How IT Contributes to Successful Science

 

With the increasing importance of AI and machine learning in science and engineering, it is critical that the leadership of R&D and IT groups at innovative companies are aligned. Inappropriate budgeting, policies, or vendor choices can unnecessarily block critical research programs; conversely an "anything goes" approach can squander valuable resources or leave an organization open to novel security threats.

At the heart of the tension between R&D and IT is the fundamental fact that the needs of research groups are qualitatively different from most standard business activities, often in ways that are unfamiliar to IT:

  1. R&D changes workflows and adopts new technologies frequently as new and different approaches to problems are tried; 
  2. those technologies are often atypical and specialized; 
  3. and they require closer interaction and collaboration between researchers and IT staff to resolve.

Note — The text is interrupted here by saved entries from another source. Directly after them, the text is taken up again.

lemma dir_deriv_stresses_onto:
  assumes "simplicial_complex n K"
    and "\<forall>p\<in>homog n i. lin_form n w * p \<in> AJ n K d v \<longrightarrow> p \<in> AJ n K d v"
  shows "dir_deriv n w ` stresses n K d v (Suc i) = stresses n K d v i"
  unfolding stresses_eq_orth_compl[OF assms(1)]
  by (rule adjoint_image_orth_compl[OF positive_definite_apolar positive_definite_apolar,
        where M = "(*) (lin_form n w)"])
    (use assms(2) in \<open>auto simp: apolar_dir_deriv dir_deriv_homog lin_form_mult_homog mult_mem_AJ
      linear_dir_deriv subspace_AJ subspace_homog intro: real_vector.subspace_inter\<close>)

theorem mainTheorem8:
  fixes n k :: nat and S D :: "nat set set" and v :: "nat \<Rightarrow> nat \<Rightarrow> real"
  assumes "rational_sphere n k S"
    and "is_lsop n S (2*k+1) v"
    and "hard_lefschetz n S (2*k+1) v"
    and "simplicial_complex n D" and "D \<subseteq> S"
  shows "kappa n S D (2*k+1) v k \<le> kappa n S D (2*k+1) v (k+1)"
proof -
  let ?d = "2 * k + 1"
  have S: "simplicial_complex n S"
    using assms(1) unfolding rational_sphere_def homology_manifold_def by blast
  obtain l where l: "l \<in> homog n 1"
    and lefschetz: "\<forall>j. 2 * j \<le> ?d \<longrightarrow>
      (\<forall>p\<in>homog n j. l ^ (?d - 2 * j) * p \<in> AJ n S ?d v \<longrightarrow> p \<in> AJ n S ?d v)"
    using assms(3) unfolding hard_lefschetz_def by blast
  define w where "w r = Poly_Mapping.lookup l (unit_mon r)" for r
  have "l = lin_form n w"
    unfolding w_def by (rule homog_1_eq_lin_form[OF l])
  then have "\<forall>p\<in>homog n k. lin_form n w * p \<in> AJ n S ?d v \<longrightarrow> p \<in> AJ n S ?d v"
    using lefschetz[rule_format, of k] by simp
  then have onto: "dir_deriv n w ` stresses n S ?d v (Suc k) = stresses n S ?d v k"
    by (rule dir_deriv_stresses_onto[OF S])
  have into: "dir_deriv n w ` stresses n D ?d v (Suc k) \<subseteq> stresses n D ?d v k"
    by (rule dir_deriv_stresses_subset[OF assms(4)])
  have "dim (stresses n S ?d v k) - dim (stresses n D ?d v k)
      \<le> dim (stresses n S ?d v (Suc k)) - dim (stresses n D ?d v (Suc k))"
    by (rule dim_diff_le_of_linear_onto[OF linear_dir_deriv finite_dim_stresses
          subspace_stresses[OF S] subspace_stresses[OF assms(4)] stresses_mono[OF assms(5)]
          onto into stresses_mono[OF assms(5)]])
  then show ?thesis
    unfolding kappa_def by simp
qed

end
lemma linear_ode_solution_eq_0:
  fixes h :: "real \<Rightarrow> complex"
  assumes "\<And>x. (h has_vector_derivative a * h x) (at x)" "h 0 = 0"
  shows "h x = 0"
proof -
  define k where "k = (\<lambda>x. exp (- (of_real x * a)) * h x)"
  have "(k has_vector_derivative 0) (at x)" for x
  proof -
    have "((\<lambda>w. exp (- (w * a))) has_field_derivative - a * exp (- (of_real x * a))) (at (of_real x))"
      by (auto intro!: derivative_eq_intros)
    from has_vector_derivative_mult[OF has_vector_derivative_real_field[OF this] assms(1)]
    show ?thesis
      by (simp add: k_def algebra_simps)
  qed
  then obtain C where "\<And>x. k x = C"
    using has_vector_derivative_zero_constant[of UNIV k] by auto
  then have "k x = k 0"
    by simp
  with assms(2) show ?thesis
    by (simp add: k_def)
qed

lemma has_vector_derivative_sum_list:
  "(\<And>y. y \<in> set ys \<Longrightarrow> (f y has_vector_derivative f' y) F)
     \<Longrightarrow> ((\<lambda>x. \<Sum>y\<leftarrow>ys. f y x) has_vector_derivative (\<Sum>y\<leftarrow>ys. f' y)) F"
  by (induction ys) (auto intro!: has_vector_derivative_add)

lemma has_integral_sum_list:
  "(\<And>y. y \<in> set ys \<Longrightarrow> (f y has_integral I y) S)
     \<Longrightarrow> ((\<lambda>x. \<Sum>y\<leftarrow>ys. f y x) has_integral (\<Sum>y\<leftarrow>ys. I y)) S"
  by (induction ys) (auto intro!: has_integral_add)

definition node_poly :: "complex list \<Rightarrow> complex \<Rightarrow> complex" where
  "node_poly ys z = (\<Prod>y\<leftarrow>ys. z - y)"

lemma node_poly_Nil [simp]: "node_poly [] z = 1"
  by (simp add: node_poly_def)

lemma node_poly_Cons [simp]: "node_poly (y # ys) z = (z - y) * node_poly ys z"
  by (simp add: node_poly_def)

lemma node_poly_perm: "mset xs = mset ys \<Longrightarrow> node_poly xs z = node_poly ys z"
  unfolding node_poly_def by (metis mset_map prod_mset_prod_list)

lemma node_poly_eq_0_iff: "node_poly ys z = 0 \<longleftrightarrow> z \<in> set ys"
  by (induction ys) auto

lemma holomorphic_on_node_poly [holomorphic_intros]: "node_poly ys holomorphic_on S"
  by (induction ys) (auto intro!: holomorphic_intros simp: node_poly_def)

lemma norm_node_poly_ge:
  assumes "0 \<le> d" "\<And>y. y \<in> set ys \<Longrightarrow> d \<le> norm (z - y)"
  shows "d ^ length ys \<le> norm (node_poly ys z)"
  using assms by (induction ys) (auto simp: norm_mult intro!: mult_mono)

lemma exp_divdiff_integrand_holomorphic:
  "(\<lambda>z. exp (complex_of_real t * z) / node_poly ys z) holomorphic_on - set ys"
  by (auto intro!: holomorphic_intros simp: node_poly_eq_0_iff)

lemma exp_divdiff_eq_sum_residues:
  "exp_divdiff t ys = (\<Sum>p\<in>set ys. residue (\<lambda>z. exp (complex_of_real t * z) / node_poly ys z) p)"
proof -
  have "set ys \<subseteq> ball 0 (1 + (\<Sum>y\<leftarrow>ys. norm y))"
    using set_subset_cball_sum_list_norm[of ys] by fastforce
  then show ?thesis
    unfolding exp_divdiff_def node_poly_def[symmetric]
    by (subst contour_integral_circlepath_eq_sum_residues) (auto intro: exp_divdiff_integrand_holomorphic)
qed

lemma exp_divdiff_circlepath:
  assumes "set ys \<subseteq> ball 0 R"
  shows "exp_divdiff t ys
    = contour_integral (circlepath 0 R) (\<lambda>z. exp (complex_of_real t * z) / node_poly ys z) / (2 * pi * \<i>)"
  using assms unfolding exp_divdiff_eq_sum_residues
  by (subst contour_integral_circlepath_eq_sum_residues) (auto intro: exp_divdiff_integrand_holomorphic)

lemma has_contour_integral_exp_divdiff:
  assumes "set ys \<subseteq> ball 0 R"
  shows "((\<lambda>z. exp (complex_of_real t * z) / node_poly ys z) has_contour_integral
           2 * pi * \<i> * exp_divdiff t ys) (circlepath 0 R)"
proof -
  have "z \<notin> set ys" if "norm z = \<bar>R\<bar>" for z
    using assms that by force
  then have "continuous_on (path_image (circlepath 0 R)) (\<lambda>z. exp (complex_of_real t * z) / node_poly ys z)"
    by (intro holomorphic_on_imp_continuous_on holomorphic_intros)
      (auto simp: path_image_circlepath node_poly_eq_0_iff)
  with assms show ?thesis
    by (auto simp: exp_divdiff_circlepath
        intro!: has_contour_integral_integral contour_integrable_continuous_circlepath)
qed

lemma exp_divdiff_Nil [simp]: "exp_divdiff t [] = 0"
  by (simp add: exp_divdiff_eq_sum_residues)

Some of these new technologies, like advanced AI, that researchers are adopting also hold the promise of solving some of the challenges that IT has in providing safe and scalable solutions for research groups.

Research IT Requires Flexibility

An effective research organization should always be trying new things, whether different methods, different materials, different designs, different equipment or different algorithms. This is not just for the sake of doing new things but because new, relevant, workflows and technologies should at a minimum be evaluated and, if effective, adopted. R&D's frequent flux is in contrast to many other parts of a business: financial reports should be consistent over time, data warehouse schemas should only evolve gradually, manufacturing processes shouldn't change from day to day, and so forth.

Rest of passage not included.